_RECORDED INFORMATION_.
(* Let $\{a_k\}_{k\in\mathbb{Z}}$, $\{b_k\}_{k\in\mathbb{Z}}$ be real sequences with $a_k>0$, and let $L$, $L^\ast$, $\mathcal{D}^\ast$ be as described in the context. Let $J^+$ and $J^-$ be the Jacobi operators on $\ell^2(\mathbb{Z}_{\geq 0})$ described in the context, and assume that $J^-$ has deficiency indices $(0,0)$ and $J^+$ has deficiency indices $(1,1)$ (so that $L$ has deficiency indices $(1,1)$). Let $\Phi_{i},\Phi_{-i}\in\ell^2(\mathbb{Z})$ satisfy $L^\ast\Phi_{\pm i}=\pm i\,\Phi_{\pm i}$, $\overline{(\Phi_i)_k}=(\Phi_{-i})_k$ for all $k\in\mathbb{Z}$, and $\|\Phi_{\pm i}\|=1$. For $\theta\in[0,2\pi)$ put $$\mathcal D_\theta=\{v\in\mathcal{D}^\ast\mid \lim_{N\to\infty}[v,e^{i\theta}\Phi_i+e^{-i\theta}\Phi_{-i}]_N=0\}.$$ Then the self-adjoint extensions of $(L,\mathcal{D}(\mathbb{Z}))$ are precisely the operators $(L^\ast,\mathcal D_\theta)$ (i.e. $L^\ast$ restricted to $\mathcal D_\theta$), $\theta\in[0,2\pi)$.
   Context: $\{e_k\}_{k\in\mathbb{Z}}$ is the standard orthonormal basis of $\ell^2(\mathbb{Z})$, $\mathcal{D}(\mathbb{Z})$ the space of finite linear combinations of the $e_k$, and $L e_k=a_ke_{k+1}+b_ke_k+a_{k-1}e_{k-1}$ on $\mathcal{D}(\mathbb{Z})$. For $v\in\ell^2(\mathbb{Z})$, $L^\ast v=\sum_k(a_kv_{k+1}+b_kv_k+a_{k-1}v_{k-1})e_k$ (formally) and $\mathcal{D}^\ast=\{v\in\ell^2(\mathbb{Z})\mid L^\ast v\in\ell^2(\mathbb{Z})\}$; $(L^\ast,\mathcal D^\ast)$ is the adjoint of $L$. The Wronskian of two sequences $u,v$ is $[u,v]_k=a_k(u_{k+1}v_k-u_kv_{k+1})$. With $\{f_k\}_{k\geq0}$ the standard basis of $\ell^2(\mathbb{Z}_{\geq0})$, $J^+$ and $J^-$ are defined on finite linear combinations of the $f_k$ by $J^+f_k=a_kf_{k+1}+b_kf_k+a_{k-1}f_{k-1}$ ($k\geq1$), $J^+f_0=a_0f_1+b_0f_0$, and $J^-f_k=a_{-k-2}f_{k+1}+b_{-k-1}f_k+a_{-k-1}f_{k-1}$ ($k\geq1$), $J^-f_0=a_{-2}f_1+b_{-1}f_0$; these are densely defined symmetric operators. For a densely defined symmetric operator $T$, the deficiency indices are $(\dim\ker(T^\ast-i),\dim\ker(T^\ast+i))$. *)

theory Defs
  imports "HOL-Analysis.Analysis"
begin

definition l2 :: "('i \<Rightarrow> complex) set" where
  "l2 = {v. (\<lambda>k. (cmod (v k))\<^sup>2) summable_on UNIV}"

definition l2_inner :: "('i \<Rightarrow> complex) \<Rightarrow> ('i \<Rightarrow> complex) \<Rightarrow> complex" where
  "l2_inner u v = (\<Sum>\<^sub>\<infinity>k. cnj (u k) * v k)"

definition l2_norm :: "('i \<Rightarrow> complex) \<Rightarrow> real" where
  "l2_norm v = sqrt (\<Sum>\<^sub>\<infinity>k. (cmod (v k))\<^sup>2)"

definition fin_seq :: "('i \<Rightarrow> complex) set" where
  "fin_seq = {v. finite {k. v k \<noteq> 0}}"

definition adj_dom :: "(('i \<Rightarrow> complex) \<Rightarrow> ('i \<Rightarrow> complex)) \<Rightarrow> ('i \<Rightarrow> complex) set
    \<Rightarrow> ('i \<Rightarrow> complex) set" where
  "adj_dom T D = {w \<in> l2. \<exists>z \<in> l2. \<forall>u \<in> D. l2_inner (T u) w = l2_inner u z}"

definition adj :: "(('i \<Rightarrow> complex) \<Rightarrow> ('i \<Rightarrow> complex)) \<Rightarrow> ('i \<Rightarrow> complex) set
    \<Rightarrow> ('i \<Rightarrow> complex) \<Rightarrow> ('i \<Rightarrow> complex)" where
  "adj T D w = (SOME z. z \<in> l2 \<and> (\<forall>u \<in> D. l2_inner (T u) w = l2_inner u z))"

definition adj_eigspace :: "(('i \<Rightarrow> complex) \<Rightarrow> ('i \<Rightarrow> complex)) \<Rightarrow> ('i \<Rightarrow> complex) set
    \<Rightarrow> complex \<Rightarrow> ('i \<Rightarrow> complex) set" where
  "adj_eigspace T D c = {w \<in> adj_dom T D. adj T D w = (\<lambda>k. c * w k)}"

definition dim0 :: "('i \<Rightarrow> complex) set \<Rightarrow> bool" where
  "dim0 S \<longleftrightarrow> S = {\<lambda>k. 0}"

definition dim1 :: "('i \<Rightarrow> complex) set \<Rightarrow> bool" where
  "dim1 S \<longleftrightarrow> (\<exists>w \<in> S. w \<noteq> (\<lambda>k. 0) \<and> S = {(\<lambda>k. c * w k) | c. True})"

definition def_indices_00 :: "(('i \<Rightarrow> complex) \<Rightarrow> ('i \<Rightarrow> complex)) \<Rightarrow> ('i \<Rightarrow> complex) set \<Rightarrow> bool" where
  "def_indices_00 T D \<longleftrightarrow> dim0 (adj_eigspace T D \<i>) \<and> dim0 (adj_eigspace T D (- \<i>))"

definition def_indices_11 :: "(('i \<Rightarrow> complex) \<Rightarrow> ('i \<Rightarrow> complex)) \<Rightarrow> ('i \<Rightarrow> complex) set \<Rightarrow> bool" where
  "def_indices_11 T D \<longleftrightarrow> dim1 (adj_eigspace T D \<i>) \<and> dim1 (adj_eigspace T D (- \<i>))"

definition self_adjoint_ext :: "(('i \<Rightarrow> complex) \<Rightarrow> ('i \<Rightarrow> complex)) \<Rightarrow> ('i \<Rightarrow> complex) set
    \<Rightarrow> (('i \<Rightarrow> complex) \<Rightarrow> ('i \<Rightarrow> complex)) \<Rightarrow> ('i \<Rightarrow> complex) set \<Rightarrow> bool" where
  "self_adjoint_ext T D A DA \<longleftrightarrow>
     D \<subseteq> DA \<and> DA \<subseteq> l2 \<and> (\<forall>v \<in> DA. A v \<in> l2) \<and> (\<forall>v \<in> D. A v = T v) \<and>
     adj_dom A DA = DA \<and> (\<forall>w \<in> DA. adj A DA w = A w)"

text \<open>The formal action of L (equals L on fin_seq and L* on all sequences).\<close>
definition Lact :: "(int \<Rightarrow> real) \<Rightarrow> (int \<Rightarrow> real) \<Rightarrow> (int \<Rightarrow> complex) \<Rightarrow> (int \<Rightarrow> complex)" where
  "Lact a b v = (\<lambda>k. of_real (a k) * v (k + 1) + of_real (b k) * v k + of_real (a (k - 1)) * v (k - 1))"

definition Dstar :: "(int \<Rightarrow> real) \<Rightarrow> (int \<Rightarrow> real) \<Rightarrow> (int \<Rightarrow> complex) set" where
  "Dstar a b = {v \<in> l2. Lact a b v \<in> l2}"

definition wronskian :: "(int \<Rightarrow> real) \<Rightarrow> (int \<Rightarrow> complex) \<Rightarrow> (int \<Rightarrow> complex) \<Rightarrow> int \<Rightarrow> complex" where
  "wronskian a u v k = of_real (a k) * (u (k + 1) * v k - u k * v (k + 1))"

definition Jplus :: "(int \<Rightarrow> real) \<Rightarrow> (int \<Rightarrow> real) \<Rightarrow> (nat \<Rightarrow> complex) \<Rightarrow> (nat \<Rightarrow> complex)" where
  "Jplus a b v = (\<lambda>j. of_real (a (int j)) * v (j + 1) + of_real (b (int j)) * v j
      + (if j = 0 then 0 else of_real (a (int j - 1)) * v (j - 1)))"

definition Jminus :: "(int \<Rightarrow> real) \<Rightarrow> (int \<Rightarrow> real) \<Rightarrow> (nat \<Rightarrow> complex) \<Rightarrow> (nat \<Rightarrow> complex)" where
  "Jminus a b v = (\<lambda>j. of_real (a (- int j - 2)) * v (j + 1) + of_real (b (- int j - 1)) * v j
      + (if j = 0 then 0 else of_real (a (- int j - 1)) * v (j - 1)))"

definition Dtheta :: "(int \<Rightarrow> real) \<Rightarrow> (int \<Rightarrow> real) \<Rightarrow> (int \<Rightarrow> complex) \<Rightarrow> (int \<Rightarrow> complex)
    \<Rightarrow> real \<Rightarrow> (int \<Rightarrow> complex) set" where
  "Dtheta a b Pp Pm \<theta> = {v \<in> Dstar a b.
     (\<lambda>N::nat. wronskian a v (\<lambda>k. exp (\<i> * of_real \<theta>) * Pp k + exp (- \<i> * of_real \<theta>) * Pm k) (int N))
       \<longlonglongrightarrow> 0}"

end

theory Submission
  imports Defs
begin

text \<open>
  For \<open>u, w \<in> D\<^sup>*\<close> Green's formula reads \<open>\<langle>L u, w\<rangle> - \<langle>u, L w\<rangle> = \<omega>(cnj u, w)\<close>, where the boundary form
  \<open>\<omega>(u, w) = \<Sum>\<^sub>k ((L u)\<^sub>k w\<^sub>k - u\<^sub>k (L w)\<^sub>k)\<close> telescopes into the difference of the limits of the
  Wronskian \<open>[u, w]\<^sub>N\<close> at \<open>+\<infinity>\<close> and at \<open>-\<infinity>\<close>.

  The limit at \<open>-\<infinity>\<close> vanishes. As \<open>J\<^sup>-\<close> has no deficiency, the solution \<open>\<epsilon>\<close> of \<open>L \<epsilon> = \<i> \<epsilon>\<close> on the
  negative half-line with \<open>\<epsilon>\<^sub>0 = 0\<close> is not square summable. For \<open>u \<in> D\<^sup>*\<close> the Wronskian
  \<open>[u, \<Phi>\<^sub>i]\<^sub>N\<close> converges as \<open>N \<rightarrow> -\<infinity>\<close>; were the limit nonzero, the identity
  \<open>u [\<Phi>\<^sub>i, \<epsilon>] = \<Phi>\<^sub>i [u, \<epsilon>] - \<epsilon> [u, \<Phi>\<^sub>i]\<close> and a Gronwall-type estimate would make \<open>\<epsilon>\<close> square
  summable. The Pluecker identity \<open>[u, v] [\<Phi>\<^sub>i, \<Phi>\<^sub>-\<^sub>i] = [u, \<Phi>\<^sub>i] [v, \<Phi>\<^sub>-\<^sub>i] - [u, \<Phi>\<^sub>-\<^sub>i] [v, \<Phi>\<^sub>i]\<close>, in
  which \<open>[\<Phi>\<^sub>i, \<Phi>\<^sub>-\<^sub>i]\<^sub>N\<close> is \<open>2\<i>\<close> times the squared norm of \<open>\<Phi>\<^sub>i\<close> on \<open>{..N}\<close>, then bounds
  \<open>[u, v]\<^sub>N\<close> by products of tails of square-summable sequences.

  At \<open>+\<infinity>\<close> the same identity and \<open>\<parallel>\<Phi>\<^sub>i\<parallel> = 1\<close> give \<open>2\<i> \<omega>(cnj u, w) = cnj (\<beta> u) \<beta> w - cnj (\<alpha> u) \<alpha> w\<close>
  with \<open>\<alpha> = \<omega>(\<cdot>, \<Phi>\<^sub>i)\<close> and \<open>\<beta> = \<omega>(\<cdot>, \<Phi>\<^sub>-\<^sub>i)\<close>. The self-adjoint extensions of \<open>L\<close> are the
  restrictions of \<open>L\<^sup>*\<close> to the domains \<open>D \<supseteq> \<D>(\<int>)\<close> that coincide with their \<open>\<omega>\<close>-orthogonal complement
  in \<open>D\<^sup>*\<close>. On such a \<open>D\<close> we have \<open>|\<alpha>| = |\<beta>|\<close>, and any \<open>u\<^sub>0 \<in> D\<close> with \<open>\<beta> u\<^sub>0 \<noteq> 0\<close> pins \<open>D\<close> down
  to the solutions of \<open>e\<^sup>i\<^sup>\<theta> \<alpha> + e\<^sup>-\<^sup>i\<^sup>\<theta> \<beta> = 0\<close>, which form \<open>\<D>\<^sub>\<theta>\<close>.
\<close>

lemma mem_l2_iff: "v \<in> l2 \<longleftrightarrow> (\<lambda>k. (cmod (v k))\<^sup>2) summable_on UNIV"
  by (simp add: l2_def)

lemma summable_on_diff:
  fixes f g :: "'a \<Rightarrow> 'b :: topological_ab_group_add"
  assumes "f summable_on A" "g summable_on A"
  shows "(\<lambda>x. f x - g x) summable_on A"
  using summable_on_add[OF assms(1) summable_on_uminus[THEN iffD2, OF assms(2)]] by simp

lemma infsum_diff:
  fixes f g :: "'a \<Rightarrow> 'b :: {topological_ab_group_add, t2_space}"
  assumes "f summable_on A" "g summable_on A"
  shows "infsum (\<lambda>x. f x - g x) A = infsum f A - infsum g A"
  using infsum_add[OF assms(1) summable_on_uminus[THEN iffD2, OF assms(2)]] by (simp add: infsum_uminus)

lemma l2_cnj: "u \<in> l2 \<Longrightarrow> (\<lambda>k. cnj (u k)) \<in> l2"
  by (simp add: mem_l2_iff)

lemma l2_scale: "u \<in> l2 \<Longrightarrow> (\<lambda>k. c * u k) \<in> l2"
  unfolding mem_l2_iff by (simp add: norm_mult power_mult_distrib summable_on_cmult_right)

lemma l2_add:
  assumes "u \<in> l2" "v \<in> l2"
  shows "(\<lambda>k. u k + v k) \<in> l2"
  unfolding mem_l2_iff
proof (rule summable_on_comparison_test)
  show "(\<lambda>k. 2 * (cmod (u k))\<^sup>2 + 2 * (cmod (v k))\<^sup>2) summable_on UNIV"
    using assms unfolding mem_l2_iff by (intro summable_on_add summable_on_cmult_right)
  fix k
  have "(cmod (u k + v k))\<^sup>2 \<le> (cmod (u k) + cmod (v k))\<^sup>2"
    by (simp add: norm_triangle_ineq power_mono)
  also have "\<dots> \<le> 2 * (cmod (u k))\<^sup>2 + 2 * (cmod (v k))\<^sup>2"
    using sum_squares_bound[of "cmod (u k)" "cmod (v k)"] by (simp add: power2_sum)
  finally show "(cmod (u k + v k))\<^sup>2 \<le> 2 * (cmod (u k))\<^sup>2 + 2 * (cmod (v k))\<^sup>2" .
qed simp

lemma l2_diff: "u \<in> l2 \<Longrightarrow> v \<in> l2 \<Longrightarrow> (\<lambda>k. u k - v k) \<in> l2"
  using l2_add[of u "\<lambda>k. - 1 * v k"] l2_scale[of v "- 1"] by simp

lemma l2_mult_summable:
  assumes "u \<in> l2" "v \<in> l2"
  shows "(\<lambda>k. u k * v k) summable_on UNIV"
proof (rule abs_summable_summable)
  have bound: "(\<lambda>k. ((cmod (u k))\<^sup>2 + (cmod (v k))\<^sup>2) * (1 / 2)) summable_on UNIV"
    using assms unfolding mem_l2_iff by (intro summable_on_add summable_on_cmult_left)
  have "norm (u k * v k) \<le> ((cmod (u k))\<^sup>2 + (cmod (v k))\<^sup>2) * (1 / 2)" for k
    using sum_squares_bound[of "cmod (u k)" "cmod (v k)"] by (simp add: norm_mult)
  then show "(\<lambda>k. norm (u k * v k)) summable_on UNIV"
    by (intro Infinite_Sum.abs_summable_on_comparison_test'[OF bound])
qed

lemma l2_reindex:
  assumes "v \<in> l2" "inj h"
  shows "(\<lambda>j. v (h j)) \<in> l2"
proof -
  have "(\<lambda>k. (cmod (v k))\<^sup>2) summable_on range h"
    using assms(1) unfolding mem_l2_iff by (rule summable_on_subset) auto
  then have "((\<lambda>k. (cmod (v k))\<^sup>2) \<circ> h) summable_on UNIV"
    by (rule summable_on_reindex[OF assms(2), THEN iffD1])
  then show ?thesis
    unfolding mem_l2_iff comp_def .
qed

lemma l2_nat_iff: "(x :: nat \<Rightarrow> complex) \<in> l2 \<longleftrightarrow> summable (\<lambda>n. (cmod (x n))\<^sup>2)"
  unfolding mem_l2_iff by (subst summable_on_UNIV_nonneg_real_iff) auto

_HOW TO COMPLETE THIS TASK_. Retype exactly the span of lines from the one with "imports Defs" through the one with "restrictions of \<open>L\<^sup>*\<close>"; include both ends and omit the rest of the material.

_RESPONSE AREA_.
  imports Defs
begin

text \<open>
  For \<open>u, w \<in> D\<^sup>*\<close> Green's formula reads \<open>\<langle>L u, w\<rangle> - \<langle>u, L w\<rangle> = \<omega>(cnj u, w)\<close>, where the boundary form
  \<open>\<omega>(u, w) = \<Sum>\<^sub>k ((L u)\<^sub>k w\<^sub>k - u\<^sub>k (L w)\<^sub>k)\<close> telescopes into the difference of the limits of the
  Wronskian \<open>[u, w]\<^sub>N\<close> at \<open>+\<infinity>\<close> and at \<open>-\<infinity>\<close>.

  The limit at \<open>-\<infinity>\<close> vanishes. As \<open>J\<^sup>-\<close> has no deficiency, the solution \<open>\<epsilon>\<close> of \<open>L \<epsilon> = \<i> \<epsilon>\<close> on the
  negative half-line with \<open>\<epsilon>\<^sub>0 = 0\<close> is not square summable. For \<open>u \<in> D\<^sup>*\<close> the Wronskian
  \<open>[u, \<Phi>\<^sub>i]\<^sub>N\<close> converges as \<open>N \<rightarrow> -\<infinity>\<close>; were the limit nonzero, the identity
  \<open>u [\<Phi>\<^sub>i, \<epsilon>] = \<Phi>\<^sub>i [u, \<epsilon>] - \<epsilon> [u, \<Phi>\<^sub>i]\<close> and a Gronwall-type estimate would make \<open>\<epsilon>\<close> square
  summable. The Pluecker identity \<open>[u, v] [\<Phi>\<^sub>i, \<Phi>\<^sub>-\<^sub>i] = [u, \<Phi>\<^sub>i] [v, \<Phi>\<^sub>-\<^sub>i] - [u, \<Phi>\<^sub>-\<^sub>i] [v, \<Phi>\<^sub>i]\<close>, in
  which \<open>[\<Phi>\<^sub>i, \<Phi>\<^sub>-\<^sub>i]\<^sub>N\<close> is \<open>2\<i>\<close> times the squared norm of \<open>\<Phi>\<^sub>i\<close> on \<open>{..N}\<close>, then bounds
  \<open>[u, v]\<^sub>N\<close> by products of tails of square-summable sequences.

  At \<open>+\<infinity>\<close> the same identity and \<open>\<parallel>\<Phi>\<^sub>i\<parallel> = 1\<close> give \<open>2\<i> \<omega>(cnj u, w) = cnj (\<beta> u) \<beta> w - cnj (\<alpha> u) \<alpha> w\<close>
  with \<open>\<alpha> = \<omega>(\<cdot>, \<Phi>\<^sub>i)\<close> and \<open>\<beta> = \<omega>(\<cdot>, \<Phi>\<^sub>-\<^sub>i)\<close>. The self-adjoint extensions of \<open>L\<close> are the
  restrictions of \<open>L\<^sup>*\<close> to the domains \<open>D \<supseteq> \<D>(\<int>)\<close> that coincide with their \<open>\<omega>\<close>-orthogonal complement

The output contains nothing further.